### The input
theorem mainTheorem9:
  fixes T :: nat and Q fee dbar rbar :: real
    and d r c p theta beta :: "nat \<Rightarrow> real"
    and u e du de :: "nat \<Rightarrow> real \<Rightarrow> real"
    and eta :: "nat \<Rightarrow> real"
    and xs zs :: "nat \<Rightarrow> real"
    and lamstar :: real
    and lamhat :: "nat \<Rightarrow> real"
  defines "q \<equiv> Q / real T"
  defines "ft \<equiv> (\<lambda>t x z. theta t * u t x - beta t * e t ((x - z) * c t) - p t * c t * z)"
  defines "ht \<equiv> (\<lambda>t x z. d t * x + r t * z)"
  defines "L \<equiv> (\<lambda>t x z lam. ft t x z - lam * (ht t x z - q))"
  defines "S \<equiv> (\<lambda>x z. (\<Sum>t=1..T. ft t (x t) (z t))
                     - fee * max 0 ((\<Sum>t=1..T. ht t (x t) (z t)) - Q))"
  defines "Xi \<equiv> max \<bar>q - dbar - rbar\<bar> q"
  defines "l \<equiv> (\<lambda>t. q - ht t (xs t) (zs t))"
  defines "lbar \<equiv> (1 / real T) * (\<Sum>t=1..T. l t)"
  defines "Psi \<equiv> Max ((\<lambda>t. \<bar>real t * lbar - (\<Sum>i=1..t. l i)\<bar>) ` {1..T})"
  assumes T_pos: "T \<ge> 1" and Q_pos: "Q > 0" and pi_pos: "fee > 0"
    and dbar_nn: "dbar \<ge> 0" and rbar_nn: "rbar \<ge> 0"
    and d_rng: "\<forall>t\<in>{1..T}. 0 \<le> d t \<and> d t \<le> dbar"
    and r_rng: "\<forall>t\<in>{1..T}. 0 \<le> r t \<and> r t \<le> rbar"
    and pos: "\<forall>t\<in>{1..T}. c t > 0 \<and> p t > 0 \<and> theta t > 0 \<and> beta t > 0"
    and u_cont: "\<forall>t\<in>{1..T}. continuous_on {0..} (u t)"
    and u_mono: "\<forall>t\<in>{1..T}. mono_on {0..} (u t)"
    and u_conc: "\<forall>t\<in>{1..T}. strict_concave_on {0..} (u t)"
    and u_deriv: "\<forall>t\<in>{1..T}. \<forall>x>0. (u t has_real_derivative du t x) (at x)"
    and du_dec: "\<forall>t\<in>{1..T}. strict_antimono_on {0<..} (du t)"
    and du_bij: "\<forall>t\<in>{1..T}. bij_betw (du t) {0<..} {0<..}"
    and e_mono: "\<forall>t\<in>{1..T}. mono_on {0..} (e t)"
    and e_conv: "\<forall>t\<in>{1..T}. strict_convex_on {0..} (e t)"
    and e_deriv: "\<forall>t\<in>{1..T}. \<forall>x\<ge>0. (e t has_real_derivative de t x) (at x within {0..})"
    and de_cont: "\<forall>t\<in>{1..T}. continuous_on {0..} (de t)"
    and de_inc: "\<forall>t\<in>{1..T}. strict_mono_on {0..} (de t)"
    and de_bij: "\<forall>t\<in>{1..T}. bij_betw (de t) {0..} {0..}"
    and eta_pos: "\<forall>t\<in>{1..T}. eta t > 0"
    and opt_feas: "\<forall>t\<in>{1..T}. 0 \<le> zs t \<and> zs t \<le> xs t \<and> xs t \<le> 1"
    and opt_max: "\<forall>x z. (\<forall>t\<in>{1..T}. 0 \<le> z t \<and> z t \<le> x t \<and> x t \<le> 1)
                     \<longrightarrow> S x z \<le> S xs zs"
    and lamstar_rng: "0 \<le> lamstar \<and> lamstar \<le> fee"
    and lamstar_min: "\<forall>lam. 0 \<le> lam \<and> lam \<le> fee \<longrightarrow>
                     (\<Sum>t=1..T. L t (xs t) (zs t) lamstar) \<le> (\<Sum>t=1..T. L t (xs t) (zs t) lam)"
    and lamhat_1: "lamhat 1 = 0"
    and lamhat_step: "\<forall>t\<in>{1..T}.
        lamhat (t + 1) = proj fee (lamhat t + eta t *
          (ht t (fst (W (d t) (r t) (c t) (p t) (theta t) (beta t) (du t) (de t) (lamhat t)))
                (snd (W (d t) (r t) (c t) (p t) (theta t) (beta t) (du t) (de t) (lamhat t))) - q))"
  shows "(\<Sum>t=1..T. L t (xs t) (zs t) lamstar - L t (xs t) (zs t) (lamhat t))
           \<le> Xi * Psi * (\<Sum>t=1..T. eta t)"
proof -
  have "0 \<le> q" using Q_pos by (simp add: q_def)
  have lam_range: "\<forall>t\<in>{1..T}. 0 \<le> lamhat t \<and> lamhat t \<le> fee"
    using projected_recursion_range[OF _ lamhat_1 lamhat_step] pi_pos by auto
  have steps: "\<forall>t\<in>{1..T}. \<bar>lamhat (t + 1) - lamhat t\<bar> \<le> eta t * Xi"
  proof
    fix t assume t: "t \<in> {1..T}"
    have "decision_rule_setting (d t) (r t) (c t) (p t) (theta t) (beta t) (lamhat t) (du t) (de t)"
      using t d_rng r_rng pos lam_range du_dec du_bij de_cont de_inc de_bij
      by unfold_locales (auto simp: bij_betw_imp_surj_on)
    then show "\<bar>lamhat (t + 1) - lamhat t\<bar> \<le> eta t * Xi"
      unfolding lamhat_step[rule_format, OF t] ht_def Xi_def
      using t d_rng r_rng eta_pos lam_range \<open>0 \<le> q\<close>
      by (intro decision_rule_setting.projected_price_step_le) (auto simp: less_imp_le)
  qed
  have L_affine: "L t (xs t) (zs t) lam = ft t (xs t) (zs t) + lam * l t" for t lam
    by (simp add: L_def l_def algebra_simps)
  have "\<forall>y. 0 \<le> y \<and> y \<le> fee \<longrightarrow> lamstar * (\<Sum>t=1..T. l t) \<le> y * (\<Sum>t=1..T. l t)"
    using lamstar_min by (simp add: L_affine sum.distrib sum_distrib_left)
  moreover have "\<forall>t\<in>{1..T}. \<bar>real t * ((\<Sum>i=1..T. l i) / T) - (\<Sum>i=1..t. l i)\<bar> \<le> Psi"
    unfolding Psi_def lbar_def by (auto intro: Max_ge)
  ultimately have "(\<Sum>t=1..T. (lamstar - lamhat t) * l t) \<le> Xi * Psi * (\<Sum>t=1..T. eta t)"
    using price_regret_le[OF T_pos lam_range _ steps] by blast
  then show ?thesis by (simp add: L_affine algebra_simps)
qed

### Prompt
Print the records above exactly as they appear.

### Response
theorem mainTheorem9:
  fixes T :: nat and Q fee dbar rbar :: real
    and d r c p theta beta :: "nat \<Rightarrow> real"
    and u e du de :: "nat \<Rightarrow> real \<Rightarrow> real"
    and eta :: "nat \<Rightarrow> real"
    and xs zs :: "nat \<Rightarrow> real"
    and lamstar :: real
    and lamhat :: "nat \<Rightarrow> real"
  defines "q \<equiv> Q / real T"
  defines "ft \<equiv> (\<lambda>t x z. theta t * u t x - beta t * e t ((x - z) * c t) - p t * c t * z)"
  defines "ht \<equiv> (\<lambda>t x z. d t * x + r t * z)"
  defines "L \<equiv> (\<lambda>t x z lam. ft t x z - lam * (ht t x z - q))"
  defines "S \<equiv> (\<lambda>x z. (\<Sum>t=1..T. ft t (x t) (z t))
                     - fee * max 0 ((\<Sum>t=1..T. ht t (x t) (z t)) - Q))"
  defines "Xi \<equiv> max \<bar>q - dbar - rbar\<bar> q"
  defines "l \<equiv> (\<lambda>t. q - ht t (xs t) (zs t))"
  defines "lbar \<equiv> (1 / real T) * (\<Sum>t=1..T. l t)"
  defines "Psi \<equiv> Max ((\<lambda>t. \<bar>real t * lbar - (\<Sum>i=1..t. l i)\<bar>) ` {1..T})"
  assumes T_pos: "T \<ge> 1" and Q_pos: "Q > 0" and pi_pos: "fee > 0"
    and dbar_nn: "dbar \<ge> 0" and rbar_nn: "rbar \<ge> 0"
    and d_rng: "\<forall>t\<in>{1..T}. 0 \<le> d t \<and> d t \<le> dbar"
    and r_rng: "\<forall>t\<in>{1..T}. 0 \<le> r t \<and> r t \<le> rbar"
    and pos: "\<forall>t\<in>{1..T}. c t > 0 \<and> p t > 0 \<and> theta t > 0 \<and> beta t > 0"
    and u_cont: "\<forall>t\<in>{1..T}. continuous_on {0..} (u t)"
    and u_mono: "\<forall>t\<in>{1..T}. mono_on {0..} (u t)"
    and u_conc: "\<forall>t\<in>{1..T}. strict_concave_on {0..} (u t)"
    and u_deriv: "\<forall>t\<in>{1..T}. \<forall>x>0. (u t has_real_derivative du t x) (at x)"
    and du_dec: "\<forall>t\<in>{1..T}. strict_antimono_on {0<..} (du t)"
    and du_bij: "\<forall>t\<in>{1..T}. bij_betw (du t) {0<..} {0<..}"
    and e_mono: "\<forall>t\<in>{1..T}. mono_on {0..} (e t)"
    and e_conv: "\<forall>t\<in>{1..T}. strict_convex_on {0..} (e t)"
    and e_deriv: "\<forall>t\<in>{1..T}. \<forall>x\<ge>0. (e t has_real_derivative de t x) (at x within {0..})"
    and de_cont: "\<forall>t\<in>{1..T}. continuous_on {0..} (de t)"
    and de_inc: "\<forall>t\<in>{1..T}. strict_mono_on {0..} (de t)"
    and de_bij: "\<forall>t\<in>{1..T}. bij_betw (de t) {0..} {0..}"
    and eta_pos: "\<forall>t\<in>{1..T}. eta t > 0"
    and opt_feas: "\<forall>t\<in>{1..T}. 0 \<le> zs t \<and> zs t \<le> xs t \<and> xs t \<le> 1"
    and opt_max: "\<forall>x z. (\<forall>t\<in>{1..T}. 0 \<le> z t \<and> z t \<le> x t \<and> x t \<le> 1)
                     \<longrightarrow> S x z \<le> S xs zs"
    and lamstar_rng: "0 \<le> lamstar \<and> lamstar \<le> fee"
    and lamstar_min: "\<forall>lam. 0 \<le> lam \<and> lam \<le> fee \<longrightarrow>
                     (\<Sum>t=1..T. L t (xs t) (zs t) lamstar) \<le> (\<Sum>t=1..T. L t (xs t) (zs t) lam)"
    and lamhat_1: "lamhat 1 = 0"
    and lamhat_step: "\<forall>t\<in>{1..T}.
        lamhat (t + 1) = proj fee (lamhat t + eta t *
          (ht t (fst (W (d t) (r t) (c t) (p t) (theta t) (beta t) (du t) (de t) (lamhat t)))
                (snd (W (d t) (r t) (c t) (p t) (theta t) (beta t) (du t) (de t) (lamhat t))) - q))"
  shows "(\<Sum>t=1..T. L t (xs t) (zs t) lamstar - L t (xs t) (zs t) (lamhat t))
           \<le> Xi * Psi * (\<Sum>t=1..T. eta t)"
proof -
  have "0 \<le> q" using Q_pos by (simp add: q_def)
  have lam_range: "\<forall>t\<in>{1..T}. 0 \<le> lamhat t \<and> lamhat t \<le> fee"
    using projected_recursion_range[OF _ lamhat_1 lamhat_step] pi_pos by auto
  have steps: "\<forall>t\<in>{1..T}. \<bar>lamhat (t + 1) - lamhat t\<bar> \<le> eta t * Xi"
  proof
    fix t assume t: "t \<in> {1..T}"
    have "decision_rule_setting (d t) (r t) (c t) (p t) (theta t) (beta t) (lamhat t) (du t) (de t)"
      using t d_rng r_rng pos lam_range du_dec du_bij de_cont de_inc de_bij
      by unfold_locales (auto simp: bij_betw_imp_surj_on)
    then show "\<bar>lamhat (t + 1) - lamhat t\<bar> \<le> eta t * Xi"
      unfolding lamhat_step[rule_format, OF t] ht_def Xi_def
      using t d_rng r_rng eta_pos lam_range \<open>0 \<le> q\<close>
      by (intro decision_rule_setting.projected_price_step_le) (auto simp: less_imp_le)
  qed
  have L_affine: "L t (xs t) (zs t) lam = ft t (xs t) (zs t) + lam * l t" for t lam
    by (simp add: L_def l_def algebra_simps)
  have "\<forall>y. 0 \<le> y \<and> y \<le> fee \<longrightarrow> lamstar * (\<Sum>t=1..T. l t) \<le> y * (\<Sum>t=1..T. l t)"
    using lamstar_min by (simp add: L_affine sum.distrib sum_distrib_left)
  moreover have "\<forall>t\<in>{1..T}. \<bar>real t * ((\<Sum>i=1..T. l i) / T) - (\<Sum>i=1..t. l i)\<bar> \<le> Psi"
    unfolding Psi_def lbar_def by (auto intro: Max_ge)
  ultimately have "(\<Sum>t=1..T. (lamstar - lamhat t) * l t) \<le> Xi * Psi * (\<Sum>t=1..T. eta t)"
    using price_regret_le[OF T_pos lam_range _ steps] by blast
  then show ?thesis by (simp add: L_affine algebra_simps)
qed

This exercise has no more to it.